O halde 1803 sayılı Yasanın 18/A maddesindeki "firar", TCY.nın 298 ve 299.
maddelerinde düzenlenen anlamda firar olmayıp,
1- Cezaevinde iken kaçanlar,
2- Haklarında tutuklama yazısı bulunanlar,
3- 647 sayılı Yasa uyarınca izin verilipte süresinde cezaevine dönmeyenler,
4- Gıyabi tutuklu olanlar,
5- Haklarında yakalama yazısı çıkarılanlar,
Durumunda olan kimseleri kapsayan geniş anlamıyla yorumlanmalı ve buna göre
uygulama yapılmalıdır.
Uyuşmazık konusu olayda, adam öldürmek suçundan tutuksuz olarak yargılanırken
20.2.1969 tarihinde yokluğunda ömür boyu ağır hapis cezasına mahkum edilerek,
gıyaben tutuklanan ve hakkındaki bu karar 16.1.1970 tarihinde Yargıtay Özel
Dairece onanarak kesinleşen hükümlü kaçmış, bu durumu bilerek uzun süre
teslim olmamış ve ihtiyarı dışında, izleme sonucu 25.3.1985 tarihinde
yakalanmış bulunduğundan 1803 sayılı Af Yasasının 18/A maddesinde açıklanan
hali firar durumundadır. Bu itibarla, 1803 sayılı Yasadaki indirimden
yararlanmamalıdır.
Bu nedenle C. Başsavcılığı, itirazının kabulüne, Özel Dairenin yazılı emirle
bozma kararının kaldırılmasına karar verilmelidir.

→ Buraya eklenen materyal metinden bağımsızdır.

(* Let $\mathcal D=\{1,\dots,N\}$, $\boldsymbol\psi_1,\dots,\boldsymbol\psi_N\in\mathbb R^p$, $\mathbf H$ an invertible symmetric $p\times p$ matrix, $n>0$, and consider the family of PO-WR, PO-WOR or MULTI designs with domain $\mathcal M_n$ and $\boldsymbol\Gamma(\boldsymbol\mu)$ as in the context. Let $\Phi:\mathbf S_+^{p\times p}\to\mathbb R$ be monotone for Loewner's ordering and differentiable in its matrix argument with matrix derivative $\boldsymbol\phi$, and assume $\boldsymbol\mu\mapsto\Phi(\boldsymbol\Gamma(\boldsymbol\mu))$ is differentiable in a neighbourhood of $\boldsymbol\mu^*\in\mathcal M_n$. Let $\mathbf L(\boldsymbol\mu^* )$ satisfy $\mathbf L(\boldsymbol\mu^* )\mathbf L(\boldsymbol\mu^* )^{\mathsf T}=\boldsymbol\phi(\boldsymbol\Gamma(\boldsymbol\mu^* ))$ and set $c_i=\|\mathbf L(\boldsymbol\mu^* )^{\mathsf T}\mathbf H^{-1}\boldsymbol\psi_i\|_2^2$, $i\in\mathcal D$. Then: (a) For PO-WR or MULTI, $\boldsymbol\mu^*$ is a stationary point of $\Phi(\boldsymbol\Gamma(\boldsymbol\mu))$ subject to $\boldsymbol\mu\in\mathcal M_n$ (i.e. satisfies the Lagrange conditions for the constraint $\sum_i\mu_i=n$) if $\mu_i^*=n\sqrt{c_i}/\sum_{j\in\mathcal D}\sqrt{c_j}$ for all $i\in\mathcal D$. (b) For PO-WOR, $\boldsymbol\mu^*$ is a stationary point of $\Phi(\boldsymbol\Gamma(\boldsymbol\mu))$ subject to $\sum_i\mu_i=n$, $\mu_i\le1$ (i.e. satisfies the Karush–Kuhn–Tucker conditions) if, with $\mathcal E=\{i\in\mathcal D:\mu_i^*=1\}$ and $n_{\mathcal E}=|\mathcal E|$: $\mu_i^*\le1$ for all $i\in\mathcal D$; $\mu_i^*=(n-n_{\mathcal E})\sqrt{c_i}/\sum_{j\in\mathcal D\setminus\mathcal E}\sqrt{c_j}$ for all $i\in\mathcal D\setminus\mathcal E$; and $\sqrt{c_i}\ge\sqrt{c_j}/\mu_j^*$ for all $i\in\mathcal E$, $j\in\mathcal D\setminus\mathcal E$. Consequently, if $\boldsymbol\mu^*$ satisfies the condition in (a) or (b) and $\boldsymbol\mu\mapsto\Phi(\boldsymbol\Gamma(\boldsymbol\mu))$ is convex on $\mathcal M_n$, then $\boldsymbol\mu^*$ is a global minimiser of $\Phi(\boldsymbol\Gamma(\boldsymbol\mu))$ over $\mathcal M_n$.
   Context: Sampling designs (size parameter $n>0$, scheme $\boldsymbol\mu=(\mu_1,\dots,\mu_N)$): PO-WR: $S_i$ independent $\mathrm{Poisson}(\mu_i)$; MULTI: $(S_1,\dots,S_N)\sim\mathrm{Multinomial}(n,\boldsymbol\mu/n)$; for both, $\mathcal M_n=\{\boldsymbol\mu\in\mathbb R^N:\mu_i>0\ \forall i,\ \sum_i\mu_i=n\}$. PO-WOR: $S_i$ independent $\mathrm{Bernoulli}(\mu_i)$, $\mathcal M_n=\{\boldsymbol\mu:\mu_i\in(0,1]\ \forall i,\ \sum_i\mu_i=n\}$. Define $\mathbf V(\boldsymbol\mu)=\sum_{i\in\mathcal D}\mu_i^{-1}\boldsymbol\psi_i\boldsymbol\psi_i^{\mathsf T}$ for PO-WR and MULTI, $\mathbf V(\boldsymbol\mu)=\sum_{i\in\mathcal D}(\mu_i^{-1}-1)\boldsymbol\psi_i\boldsymbol\psi_i^{\mathsf T}$ for PO-WOR, and $\boldsymbol\Gamma(\boldsymbol\mu)=\mathbf H^{-1}\mathbf V(\boldsymbol\mu)\mathbf H^{-1}$. $\mathbf S_+^{p\times p}$: real symmetric positive semi-definite $p\times p$ matrices. $\Phi$ is monotone for Loewner's ordering if $\Phi(\mathbf U)\ge\Phi(\mathbf W)$ whenever $\mathbf U-\mathbf W$ is positive semi-definite. *)

theory Defs
  imports "HOL-Analysis.Analysis"
begin

datatype design = PO_WR | MULTI | PO_WOR

definition psd :: "real^'p^'p \<Rightarrow> bool" where
  "psd A \<longleftrightarrow> transpose A = A \<and> (\<forall>x. 0 \<le> x \<bullet> (A *v x))"

definition outer :: "real^'p \<Rightarrow> real^'p^'p" where
  "outer x = (\<chi> k l. x $ k * x $ l)"

text \<open>Domain M_n of admissible schemes mu (indexed by the finite population type 'd).\<close>
definition M_dom :: "design \<Rightarrow> real \<Rightarrow> (real^'d) set" where
  "M_dom d n = {\<mu>. (\<forall>i. 0 < \<mu> $ i \<and> (d = PO_WOR \<longrightarrow> \<mu> $ i \<le> 1)) \<and> (\<Sum>i\<in>UNIV. \<mu> $ i) = n}"

definition Vmat :: "design \<Rightarrow> ('d \<Rightarrow> real^'p) \<Rightarrow> real^'d \<Rightarrow> real^'p^'p" where
  "Vmat d \<psi> \<mu> = (if d = PO_WOR
      then (\<Sum>i\<in>UNIV. (inverse (\<mu> $ i) - 1) *\<^sub>R outer (\<psi> i))
      else (\<Sum>i\<in>UNIV. inverse (\<mu> $ i) *\<^sub>R outer (\<psi> i)))"

definition Gam :: "design \<Rightarrow> real^'p^'p \<Rightarrow> ('d \<Rightarrow> real^'p) \<Rightarrow> real^'d \<Rightarrow> real^'p^'p" where
  "Gam d H \<psi> \<mu> = matrix_inv H ** Vmat d \<psi> \<mu> ** matrix_inv H"

definition loewner_mono :: "(real^'p^'p \<Rightarrow> real) \<Rightarrow> bool" where
  "loewner_mono \<Phi> \<longleftrightarrow> (\<forall>U W. psd U \<and> psd W \<and> psd (U - W) \<longrightarrow> \<Phi> W \<le> \<Phi> U)"

definition matrix_deriv :: "(real^'p^'p \<Rightarrow> real) \<Rightarrow> (real^'p^'p \<Rightarrow> real^'p^'p) \<Rightarrow> real^'p^'p \<Rightarrow> bool" where
  "matrix_deriv \<Phi> \<phi> U \<longleftrightarrow>
     (\<Phi> has_derivative (\<lambda>W. \<Sum>k\<in>UNIV. \<Sum>l\<in>UNIV. \<phi> U $ k $ l * W $ k $ l)) (at U within {A. psd A})"

definition lagrange_stationary :: "(real^'d \<Rightarrow> real) \<Rightarrow> real^'d \<Rightarrow> bool" where
  "lagrange_stationary f \<mu> \<longleftrightarrow>
     (\<exists>f' lam. (f has_derivative f') (at \<mu>) \<and> (\<forall>i. f' (axis i 1) + lam = 0))"

definition kkt_stationary :: "(real^'d \<Rightarrow> real) \<Rightarrow> real \<Rightarrow> real^'d \<Rightarrow> bool" where
  "kkt_stationary f n \<mu> \<longleftrightarrow>
     (\<Sum>i\<in>UNIV. \<mu> $ i) = n \<and> (\<forall>i. \<mu> $ i \<le> 1) \<and>
     (\<exists>f' lam \<nu>. (f has_derivative f') (at \<mu>) \<and>
        (\<forall>i. 0 \<le> \<nu> i \<and> \<nu> i * (\<mu> $ i - 1) = 0 \<and> f' (axis i 1) + lam + \<nu> i = 0))"

end

theory Submission
  imports Defs
begin

text \<open>
  With \<open>P\<^sub>i\<close> the outer product of \<open>H\<^sup>-\<^sup>1\<psi>\<^sub>i\<close>, the matrix \<open>\<Gamma>(\<mu>)\<close> is \<open>\<Sum>\<^sub>i w(\<mu>\<^sub>i) P\<^sub>i\<close> with
  \<open>w(x) = 1/x\<close> (PO-WR, MULTI) or \<open>w(x) = 1/x - 1\<close> (PO-WOR), so the chain rule gives
  \<open>\<partial>\<^sub>i \<Phi>(\<Gamma>(\<mu>)) = -\<langle>\<phi>(\<Gamma>(\<mu>)), P\<^sub>i\<rangle> / \<mu>\<^sub>i\<^sup>2 = -c\<^sub>i / \<mu>\<^sub>i\<^sup>2\<close>. As \<open>\<Phi>\<close> is only differentiable
  relative to the PSD cone, this partial derivative is read off along the segment
  \<open>\<mu> - t e\<^sub>i\<close>, \<open>0 \<le> t \<le> \<mu>\<^sub>i/2\<close>, on which \<open>\<Gamma>\<close> stays PSD.
  The square-root allocation rules make \<open>c\<^sub>i / \<mu>\<^sub>i\<^sup>2\<close> equal to one constant \<open>\<lambda>\<close> off the
  saturated set \<open>E\<close> and at least \<open>\<lambda>\<close> on \<open>E\<close>, which are the Lagrange and the KKT conditions respectively;
  for a convex objective these first-order conditions and the tangent inequality give
  global minimality.
\<close>

lemma symmetric_matrix_inv:
  fixes H :: "real^'p::finite^'p"
  assumes sym: "transpose H = H" and inv: "invertible H"
  shows "transpose (matrix_inv H) = matrix_inv H"
proof -
  have H: "H ** matrix_inv H = mat 1 \<and> matrix_inv H ** H = mat 1"
    using inv unfolding invertible_def matrix_inv_def by (rule someI_ex)
  then have "H ** transpose (matrix_inv H) = mat 1"
    by (metis sym matrix_transpose_mul transpose_mat)
  then have "matrix_inv H ** (H ** transpose (matrix_inv H)) = matrix_inv H" by simp
  then show ?thesis using H by (simp add: matrix_mul_assoc)
qed

lemma symmetric_mult_outer_mult:
  fixes A :: "real^'p::finite^'p"
  assumes "transpose A = A"
  shows "A ** outer v ** A = outer (A *v v)"
proof -
  have "A $ k $ l = A $ l $ k" for k l using assms by (metis transpose_def vec_lambda_beta)
  then show ?thesis
    unfolding outer_def matrix_matrix_mult_def matrix_vector_mult_def
    by (simp add: vec_eq_iff sum_distrib_left sum_distrib_right mult_ac)
qed

lemma matrix_add_rdistrib: "(B + C) ** (A::real^'n^'m) = B ** A + C ** A"
  by (simp add: matrix_matrix_mult_def vec_eq_iff sum.distrib[symmetric] field_simps)

lemma matrix_mul_sum_left: "finite I \<Longrightarrow> (A::real^'n^'m) ** (\<Sum>i\<in>I. X i) = (\<Sum>i\<in>I. A ** X i)"
  by (induction I rule: finite_induct) (simp_all add: matrix_add_ldistrib)

lemma matrix_mul_sum_right: "finite I \<Longrightarrow> (\<Sum>i\<in>I. X i) ** (A::real^'n^'m) = (\<Sum>i\<in>I. X i ** A)"
  by (induction I rule: finite_induct) (simp_all add: matrix_add_rdistrib)

definition design_weight :: "design \<Rightarrow> real \<Rightarrow> real" where
  "design_weight d x = (if d = PO_WOR then inverse x - 1 else inverse x)"

lemma design_weight_nonneg: "0 < x \<Longrightarrow> (d = PO_WOR \<longrightarrow> x \<le> 1) \<Longrightarrow> 0 \<le> design_weight d x"
  by (auto simp: design_weight_def one_le_inverse)

lemma has_field_derivative_design_weight:
  "0 < x \<Longrightarrow> ((\<lambda>t. design_weight d (x + t * e)) has_field_derivative - e / x\<^sup>2) (at 0)"
  unfolding design_weight_def
  by (cases "d = PO_WOR") (auto intro!: derivative_eq_intros simp: power2_eq_square field_simps)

* Çoğunluk görüşüne katılmayan kurul Üyesi İ. Özkaya: "Sorun, hükmen
tutuklanan sanığın 1803 sayılı Af Kanununun 18/A maddesinde öngörülen süre
içinde resmi mercilere teslim olmadığı takdirde, firari sayılıp
sayılmayacağı;
Af Kanununda, bu kanun tatbikatında firardan amacın ne olduğu açıklanmamış
olmasına göre maddede yer alan mücerret firar halini ceza kanunu tatbikatında
"dar manada" firar olarak kabulde kanuni zorunluluk bulunduğu,
Öte yandan TCK. ile ceza hükümlerini muhtevi kanun ve nizamnamelerde cezai
yada disipliner müeyyideye bağlanan fiilleri kapsamı içinde yada dışında
tutmayı hedef alan Af Kanununun, kanuna muhalif olmayan bir eylemi muhalif
hale dönüştürmesi yasa tekniğine aykırı bulunduğu cihetle; gıyabi tevkif
müzekkeresinin infazından kaçan sanığı firari sayan çoğunluk görüşüne bu
nedenle katılmıyorum", gerekçesiyle karşı oy kullanmışlardır.
S o n u ç : Açıklanan nedenlerle, C. Başsavcılığı itirazının kabulüyle, Özel
Dairenin yazılı emirle bozma kararı kaldırılarak yazılı emirle BOZMA
isteğinin (REDDİNE), 18.3.1991 gününde 2/3'ü aşan oyçokluğuyla karar verildi.